星野道夫著「イニュニック(生命)」
イニュニックとは、まったく聞きなれない言葉だが、エスキモー語で〔生命〕という意味だそうだ。星野は写真家であるとともに文章家だった。平明で透明感のある文章で、極北の地アラスカの原野に生きる動物とエスキモー、アラバスカン・インディアン、白人の友人たちを描く。この本の中でもっとも感じるのは一種の孤独感だ。
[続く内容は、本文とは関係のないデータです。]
(* Let $q\ge1$ and let $A=(a_{ijk})_{i,j\le n,k\le m}$ be a real array. Then $\mathbb{E}\varphi_A(E_n)\le C(q)\sqrt{W_A}$, where $C(q)$ depends only on $q$.
   Context: $E_n=(\mathcal E_1,\dots,\mathcal E_n)$ has i.i.d. standard symmetric exponential coordinates. $W_A=\big(\sum_k(\sum_{i,j}a_{ijk}^2)^{q/2}\big)^{1/q}$ and $\varphi_A(x)=\Big(\sum_k\Big(\sum_i\frac{(\sum_ja_{ijk}x_j)^4}{\sum_ja_{ijk}^2}\Big)^{q/2}\Big)^{1/(2q)}$ for $x\in\mathbb{R}^n$, terms with $\sum_ja_{ijk}^2=0$ being omitted. *)

theory Defs
  imports "HOL-Probability.Probability"
begin

definition sym_exp :: "real measure" where
  "sym_exp = density lborel (\<lambda>x. ennreal (exp (- \<bar>x\<bar>) / 2))"

text \<open>Law of E_n = (E_1,...,E_n), i.i.d. coordinates indexed by {..<n}.\<close>
definition E_law :: "nat \<Rightarrow> (nat \<Rightarrow> real) measure" where
  "E_law n = PiM {..<n} (\<lambda>_. sym_exp)"

text \<open>Array a i j k with i,j < n, k < m.\<close>
definition W_A :: "real \<Rightarrow> nat \<Rightarrow> nat \<Rightarrow> (nat \<Rightarrow> nat \<Rightarrow> nat \<Rightarrow> real) \<Rightarrow> real" where
  "W_A q n m a = (\<Sum>k<m. (\<Sum>i<n. \<Sum>j<n. (a i j k)^2) powr (q/2)) powr (1/q)"

definition phi_A :: "real \<Rightarrow> nat \<Rightarrow> nat \<Rightarrow> (nat \<Rightarrow> nat \<Rightarrow> nat \<Rightarrow> real) \<Rightarrow> (nat \<Rightarrow> real) \<Rightarrow> real" where
  "phi_A q n m a x = (\<Sum>k<m. (\<Sum>i\<in>{i. i < n \<and> (\<Sum>j<n. (a i j k)^2) \<noteq> 0}.
       (\<Sum>j<n. a i j k * x j)^4 / (\<Sum>j<n. (a i j k)^2)) powr (q/2)) powr (1/(2*q))"

end

theory Submission
  imports Defs
begin

text \<open>
  Let a_i be the rows of the k-th slice of A, S_k = sum_i |a_i|^2 and b_i = a_i / |a_i|. Then
  phi_A(x)^(2q) = sum_k Q_k(x)^(q/2) with Q_k(x) = sum_i <a_i,x>^4 / |a_i|^2, and Q_k / S_k is
  the convex combination of the <b_i,x>^4 with weights |a_i|^2 / S_k. For an integer N >= q/2,
  Jensen gives (Q_k/S_k)^(q/2) <= 1 + sum_i (|a_i|^2/S_k) <b_i,x>^(4N). The symmetric exponential
  law has moment generating function 1/(1 - s^2), so E exp(<b,E_n>/2) <= e^(1/2) for unit b,
  and all moments of <b,E_n> are bounded independently of n. Hence
  E phi_A(E_n)^(2q) <= K sum_k S_k^(q/2) = K W_A^q with K depending only on q, and the
  concavity bound y^alpha <= B^alpha (1 + y/B) for alpha = 1/(2q) turns this into
  E phi_A(E_n) <= 2 K^alpha sqrt W_A.
\<close>

lemma sets_sym_exp [measurable_cong]: "sets sym_exp = sets borel"
  by (simp add: sym_exp_def)

lemma nn_integral_exp_neg_halfline:
  fixes c :: real
  assumes "0 < c"
  shows "(\<integral>\<^sup>+x. ennreal (exp (- (c * x))) * indicator {0..} x \<partial>lborel) = ennreal (1 / c)"
proof -
  have "indicator {0..} (x / c) = (indicator {0..} x :: ennreal)" for x
    using assms by (simp add: zero_le_divide_iff split: split_indicator)
  then have "(\<integral>\<^sup>+x. ennreal (exp (- (c * x))) * indicator {0..} x \<partial>lborel)
      = ennreal (1 / c) * (\<integral>\<^sup>+x. ennreal (x ^ 0 * exp (- x)) * indicator {0..} x \<partial>lborel)"
    using assms by (subst nn_integral_real_affine[where c = "1 / c" and t = 0]) auto
  also have "\<dots> = ennreal (1 / c)"
    unfolding nn_intergal_power_times_exp_Ici by simp
  finally show ?thesis .
qed

lemma ennreal_half: "0 \<le> y \<Longrightarrow> ennreal (y / 2) = inverse 2 * ennreal y"
  by (metis divide_ennreal ennreal_numeral zero_less_numeral divide_ennreal_def mult.commute)

lemma sym_exp_density_mult_exp:
  fixes s x :: real
  assumes "x \<noteq> 0"
  shows "ennreal (exp (- \<bar>x\<bar>) / 2) * ennreal (exp (s * x))
    = inverse 2 * (ennreal (exp (- ((1 - s) * x))) * indicator {0..} x
                   + ennreal (exp (- ((1 + s) * - x))) * indicator {0..} (- x))"
proof -
  have "ennreal (exp (- \<bar>x\<bar>) / 2) * ennreal (exp (s * x))
      = inverse 2 * ennreal (exp (- \<bar>x\<bar>) * exp (s * x))"
    by (simp add: ennreal_half ennreal_mult mult.assoc)
  also have "ennreal (exp (- \<bar>x\<bar>) * exp (s * x))
      = ennreal (exp (- ((1 - s) * x))) * indicator {0..} x
        + ennreal (exp (- ((1 + s) * - x))) * indicator {0..} (- x)"
    using assms by (cases "0 < x") (simp_all add: mult_exp_exp algebra_simps)
  finally show ?thesis .
qed

lemma nn_integral_sym_exp_exp:
  fixes s :: real
  assumes "\<bar>s\<bar> < 1"
  shows "(\<integral>\<^sup>+x. ennreal (exp (s * x)) \<partial>sym_exp) = ennreal (1 / (1 - s\<^sup>2))"
proof -
  have "(\<integral>\<^sup>+x. ennreal (exp (s * x)) \<partial>sym_exp)
      = (\<integral>\<^sup>+x. ennreal (exp (- \<bar>x\<bar>) / 2) * ennreal (exp (s * x)) \<partial>lborel)"
    unfolding sym_exp_def by (subst nn_integral_density) auto
  also have "\<dots> = (\<integral>\<^sup>+x. inverse 2 * (ennreal (exp (- ((1 - s) * x))) * indicator {0..} x
                     + ennreal (exp (- ((1 + s) * - x))) * indicator {0..} (- x)) \<partial>lborel)"
    by (rule nn_integral_cong_AE, rule eventually_mono[OF AE_lborel_singleton[of 0]],
        rule sym_exp_density_mult_exp)
  also have "\<dots> = inverse 2 * ((\<integral>\<^sup>+x. ennreal (exp (- ((1 - s) * x))) * indicator {0..} x \<partial>lborel)
                     + (\<integral>\<^sup>+x. ennreal (exp (- ((1 + s) * - x))) * indicator {0..} (- x) \<partial>lborel))"
    by (subst nn_integral_cmult) (auto simp: nn_integral_add)
  also have "(\<integral>\<^sup>+x. ennreal (exp (- ((1 + s) * - x))) * indicator {0..} (- x) \<partial>lborel)
      = (\<integral>\<^sup>+x. ennreal (exp (- ((1 + s) * x))) * indicator {0..} x \<partial>lborel)"
    by (subst nn_integral_real_affine[where c = "-1" and t = 0]) auto
  also have "(\<integral>\<^sup>+x. ennreal (exp (- ((1 - s) * x))) * indicator {0..} x \<partial>lborel)
      = ennreal (1 / (1 - s))"
    using assms by (intro nn_integral_exp_neg_halfline) auto
  also have "(\<integral>\<^sup>+x. ennreal (exp (- ((1 + s) * x))) * indicator {0..} x \<partial>lborel)
      = ennreal (1 / (1 + s))"
    using assms by (intro nn_integral_exp_neg_halfline) auto
  also have "inverse 2 * (ennreal (1 / (1 - s)) + ennreal (1 / (1 + s)))
      = ennreal ((1 / (1 - s) + 1 / (1 + s)) / 2)"
    using assms by (simp add: ennreal_half ennreal_plus[symmetric] del: ennreal_plus)
  also have "(1 / (1 - s) + 1 / (1 + s)) / 2 = 1 / (1 - s\<^sup>2)"
    using assms abs_square_less_1[of s] by (simp add: field_simps power2_eq_square)
  finally show ?thesis .
qed

lemma prob_space_sym_exp: "prob_space sym_exp"
proof
  have "emeasure sym_exp (space sym_exp) = (\<integral>\<^sup>+x. ennreal (exp (0 * x)) \<partial>sym_exp)"
    by simp
  then show "emeasure sym_exp (space sym_exp) = 1"
    using nn_integral_sym_exp_exp[of 0] by simp
qed

lemma prob_space_E_law: "prob_space (E_law n)"
  unfolding E_law_def by (intro prob_space_PiM prob_space_sym_exp)

lemma borel_measurable_E_law_linear [measurable]:
  "(\<lambda>x. \<Sum>j<n. b j * x j) \<in> borel_measurable (E_law n)"
  unfolding E_law_def by measurable

lemma one_div_one_minus_le_exp:
  fixes u :: real
  assumes "0 \<le> u" "u \<le> 1/2"
  shows "1 / (1 - u) \<le> exp (2 * u)"
proof -
  have "1 \<le> (1 - u) * (1 + 2 * u)"
    using assms mult_left_mono[of "2 * u" 1 u] by (simp add: algebra_simps)
  also have "\<dots> \<le> (1 - u) * exp (2 * u)"
    using assms by (intro mult_left_mono) (auto simp: exp_ge_add_one_self)
  finally show ?thesis
    using assms by (simp add: field_simps)
qed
一人で寂しいとかいう孤独ではなく、時間の中を旅する一個の生命として生きる動物であり、人間であることの孤独だ。彼の撮った写真の中では、さらに如実に生きることの厳しい孤独を感じる。高峰マッキンレーを背景に、手前には壮大な針葉樹の森とツンドラが広がり、湖畔にはぽつんとムースが佇んでいる。同様な主題で撮られたグリズリーを見ればそれが分かるだろう。
水草を食むムース。背景はマッキンレー。
子供を連れたムース。
壮大な風景の中を行くグリズリーの親子。
1996年、星野はテレビ番組の撮影のために訪れていた、カムチャッカ半島南部のクリル湖畔に設営したテントで就寝中に、ヒグマに襲われ死亡した。43歳だった。